Newsweek Edits Out McCain's Most Recent Cancer Surgery

Yesterday, John McCain allowed a few reporters to view his medical records for a few hours. The AP report which emerged from that session reported that McCain had had an undisclosed surgery in February of this year--while he still had at least one rival in the GOP nominating contest:

McCain's most recent exams show a range of health issues common in aging: He frequently has precancerous skin lesions removed, and in February had an early stage squamous cell carcinoma, an easily cured skin cancer, removed. He had benign colon growths called polyps taken out during a routine colonoscopy in March.

In Newsweek magazine's version of the story, which is credited to the AP, this fact does not appear:

McCain's most recent exams show a range of health issues common in aging: He had benign colon polyps removed during a routine colonoscopy in March, growths that are common with age and that sometimes turn cancerous unless taken out.

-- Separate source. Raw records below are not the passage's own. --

(* Let $\gamma_a,\gamma_s>0$, $\lambda\ge0$, $q>0$, $\sigma_B>0$, $\varepsilon_a\in(0,2)$, and let $\beta_a,\beta_s:\mathbb R\to\mathbb R$ be globally Lipschitz continuous with $\beta_a\ge0$, $\beta_s>0$. For every $(T_a^{(0)},T_s^{(0)})\in[0,+\infty)^2$, the solution $(T_a(t),T_s(t))$ of \[ \begin{cases} \gamma_a T_a'=-\lambda(T_a-T_s)+\varepsilon_a\sigma_B|T_s|^3T_s-2\varepsilon_a\sigma_B|T_a|^3T_a+q\beta_a(T_a),\\ \gamma_s T_s'=-\lambda(T_s-T_a)-\sigma_B|T_s|^3T_s+\varepsilon_a\sigma_B|T_a|^3T_a+q\beta_s(T_s),\\ T_a(0)=T_a^{(0)},\quad T_s(0)=T_s^{(0)} \end{cases} \] converges as $t\to+\infty$ to some equilibrium point of the system. Moreover, there exists $T\ge0$ such that $t\mapsto T_a(t)$ and $t\mapsto T_s(t)$ are monotone on $[T,+\infty)$. *)

theory Defs
  imports "HOL-Analysis.Analysis"
begin

text \<open>Right-hand sides of the two-layer energy balance system
  (already multiplied by gamma_a, gamma_s respectively).\<close>

definition Fa :: "real \<Rightarrow> real \<Rightarrow> real \<Rightarrow> real \<Rightarrow> (real \<Rightarrow> real) \<Rightarrow> real \<Rightarrow> real \<Rightarrow> real" where
  "Fa lam q sigB epsa betaa Ta Ts =
     - lam * (Ta - Ts) + epsa * sigB * \<bar>Ts\<bar>^3 * Ts - 2 * epsa * sigB * \<bar>Ta\<bar>^3 * Ta
     + q * betaa Ta"

definition Fs :: "real \<Rightarrow> real \<Rightarrow> real \<Rightarrow> real \<Rightarrow> (real \<Rightarrow> real) \<Rightarrow> real \<Rightarrow> real \<Rightarrow> real" where
  "Fs lam q sigB epsa betas Ta Ts =
     - lam * (Ts - Ta) - sigB * \<bar>Ts\<bar>^3 * Ts + epsa * sigB * \<bar>Ta\<bar>^3 * Ta
     + q * betas Ts"

definition is_equilibrium ::
  "real \<Rightarrow> real \<Rightarrow> real \<Rightarrow> real \<Rightarrow> (real \<Rightarrow> real) \<Rightarrow> (real \<Rightarrow> real) \<Rightarrow> real \<times> real \<Rightarrow> bool" where
  "is_equilibrium lam q sigB epsa betaa betas p \<longleftrightarrow>
     Fa lam q sigB epsa betaa (fst p) (snd p) = 0 \<and> Fs lam q sigB epsa betas (fst p) (snd p) = 0"

end

(*
  The vector field is cooperative: the right-hand side for T_a is nondecreasing in T_s and
  vice versa.  For such planar systems the flow preserves the componentwise order
  (Kamke-Mueller): the squared distance of the difference of two solutions from the
  nonnegative quadrant satisfies a Gronwall inequality.  Comparing a solution with its own
  time shift and letting the shift tend to 0 shows that once both velocity components have
  a common sign, they keep it.  Hence either this happens at some time, or neither velocity
  component ever vanishes and each keeps a constant sign; in both cases T_a and T_s are
  eventually monotone.  The quartic radiation terms make every large box
  [-A, A] x [-B, B] with B^4 = (1 + eps_a/2) A^4 forward invariant, so the solution is
  bounded, the monotone components converge, and the limit is an equilibrium since a
  bounded function cannot have a derivative with nonzero limit.
*)
theory Submission
  imports Defs "HOL-Real_Asymp.Real_Asymp"
begin

section \<open>Elementary real analysis\<close>

lemma has_real_derivative_of_quadratic_remainder:
  fixes f :: "real \<Rightarrow> real"
  assumes "\<And>y. \<bar>f y - f x - D * (y - x)\<bar> \<le> C * (y - x)^2"
  shows "(f has_real_derivative D) (at x)"
  unfolding has_field_derivative_iff
proof (rule LIM_zero_cancel, rule Lim_null_comparison)
  show "\<forall>\<^sub>F y in at x. norm ((f y - f x) / (y - x) - D) \<le> C * \<bar>y - x\<bar>"
  proof (rule eventually_at_filter[THEN iffD2, OF always_eventually], intro allI impI)
    fix y assume "y \<noteq> x"
    then have "(f y - f x) / (y - x) - D = (f y - f x - D * (y - x)) / (y - x)"
      by (simp add: field_simps)
    also have "\<bar>\<dots>\<bar> \<le> C * (y - x)^2 / \<bar>y - x\<bar>"
      using assms[of y] by (simp add: abs_divide divide_right_mono)
    also have "\<dots> = C * \<bar>y - x\<bar>"
      using \<open>y \<noteq> x\<close> by (simp add: divide_simps power2_eq_square)
    finally show "norm ((f y - f x) / (y - x) - D) \<le> C * \<bar>y - x\<bar>" by simp
  qed
  show "((\<lambda>y. C * \<bar>y - x\<bar>) \<longlongrightarrow> 0) (at x)"
    by (intro tendsto_eq_intros) auto
qed
(* Suppose each net demand function $D_i$ ($i=1,\dots,N$) satisfies the Net Demand Assumption. Let $\mathcal L$ be the Lagrangian defined below. Then a vector $(\mathbf P^*,\mathcal Q^*,\mathbf E^*,\mathbf L^* )\in\mathbb R^N_{>0}\times\mathbb R^{N(N+2)}_{\ge0}$ is a saddle point of $\mathcal L$ on $\mathbb R^N_{\ge0}\times\mathbb R^{N(N+2)}_{\ge0}$ if and only if it is a competitive equilibrium.
   Context: Economy with $N$ sectors; sector $i$ has production function $F_i:\mathbb R^{N+2}_{\ge0}\to\mathbb R_{\ge0}$, labor cost $W_i:\mathbb R_{\ge0}\to\mathbb R_{>0}$; carbon price $P_E>0$ is fixed. An allocation is $(\mathcal Q,\mathbf E,\mathbf L)$ with $\mathcal Q=(q_{ij})_{i,j=1}^N$, $\mathbf q_i=(q_{ij})_j$, $\mathbf E=(E_i)$, $\mathbf L=(L_i)$, all nonnegative. Profit $\Pi_i(\mathbf P,P_E,\mathbf q_i,E_i,L_i)=P_iF_i(\mathbf q_i,E_i,L_i)-\sum_jP_jq_{ij}-P_EE_i-W_i(L_i)$. Net Demand Assumption: $D_i:\mathbb R_{\ge0}\to\mathbb R$ is strictly decreasing and continuous on $\mathbb R_{>0}$, with $\lim_{P\to0}D_i(P)=\infty$ and $\lim_{P\to\infty}D_i(P)\le0$. Consumer surplus $\Delta_i(P)=\int_1^PD_i(z)\,dz$ (i.e. $-\int_P^1D_i$ for $P\le1$, possibly $-\infty$ at $P=0$). Lagrangian: $\mathcal L(\mathbf P,\mathcal Q,\mathbf E,\mathbf L)=\sum_{i=1}^N\{P_iF_i(\mathbf q_i,E_i,L_i)-\sum_jP_jq_{ij}-P_EE_i-W_i(L_i)-\Delta_i(P_i)\}$. Saddle point: $(\mathbf P^*,\mathcal Q^*,\mathbf E^*,\mathbf L^* )$ with $\mathcal L(\mathbf P^*,\mathcal Q,\mathbf E,\mathbf L)\le\mathcal L(\mathbf P^*,\mathcal Q^*,\mathbf E^*,\mathbf L^* )\le\mathcal L(\mathbf P,\mathcal Q^*,\mathbf E^*,\mathbf L^* )$ for all $\mathbf P\in\mathbb R^N_{\ge0}$, $(\mathcal Q,\mathbf E,\mathbf L)\in\mathbb R^{N(N+2)}_{\ge0}$. Competitive equilibrium: $(\mathbf P^*,\mathcal Q^*,\mathbf E^*,\mathbf L^* )\in\mathbb R^N_{\ge0}\times\mathbb R^{N(N+2)}_{\ge0}$ such that for each $i$: (i) market clearing $F_i(\mathbf q_i^*,E_i^*,L_i^* )=D_i(P_i^* )+\sum_{j=1}^Nq^*_{ji}$; (ii) $(\mathbf q_i^*,E_i^*,L_i^* )$ maximizes $\Pi_i(\mathbf P^*,P_E,\cdot)$ over $\mathbb R^{N+2}_{\ge0}$. *)

theory Defs
  imports "HOL-Analysis.Analysis"
begin

text \<open>Sectors are indexed by a finite type 'n (N = CARD('n)).
  Production functions: F i q E L with q :: 'n => real the vector of intermediate inputs.\<close>

definition net_demand_assumption :: "(real \<Rightarrow> real) \<Rightarrow> bool" where
  "net_demand_assumption D \<longleftrightarrow>
     strict_antimono_on {0<..} D \<and>
     continuous_on {0<..} D \<and>
     filterlim D at_top (at_right 0) \<and>
     (\<exists>l::ereal. ((\<lambda>P. ereal (D P)) \<longlongrightarrow> l) at_top \<and> l \<le> 0)"

text \<open>Consumer surplus Delta(P) = integral from 1 to P of D; at P = 0 it is the
  (extended real) limit from the right, i.e. minus the improper integral over (0,1],
  possibly -infinity.\<close>

definition surplus_pos :: "(real \<Rightarrow> real) \<Rightarrow> real \<Rightarrow> real" where
  "surplus_pos D P = (if 1 \<le> P then integral {1..P} D else - integral {P..1} D)"

definition surplus :: "(real \<Rightarrow> real) \<Rightarrow> real \<Rightarrow> ereal" where
  "surplus D P = (if 0 < P then ereal (surplus_pos D P)
                  else Lim (at_right 0) (\<lambda>x. ereal (surplus_pos D x)))"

He takes medication to keep his cholesterol in check and just switched from the controversial Vytorin that made headlines this winter to a proven standby, simvastatin.

The Vietnam veteran has degenerative arthritis from war injuries that might mean a future joint replacement.

[. . .]

The documents include mundane personal details, such as the fact that he had earwax removed earlier this year and the dermatologist showed his wife, Cindy, how to monitor possibly suspicious skin spots hidden by his waistband. Though he's known as temperamental, the doctors made a point of repeatedly writing in the documents that he was "pleasant."

Also revealed: He has occasional momentary episodes of dizziness, when he gets up suddenly. McCain first told a doctor about them in 2000 — the visit that also uncovered the melanoma — and intense testing concluded they were harmless vertigo. He didn't report any episodes at his most recent exam."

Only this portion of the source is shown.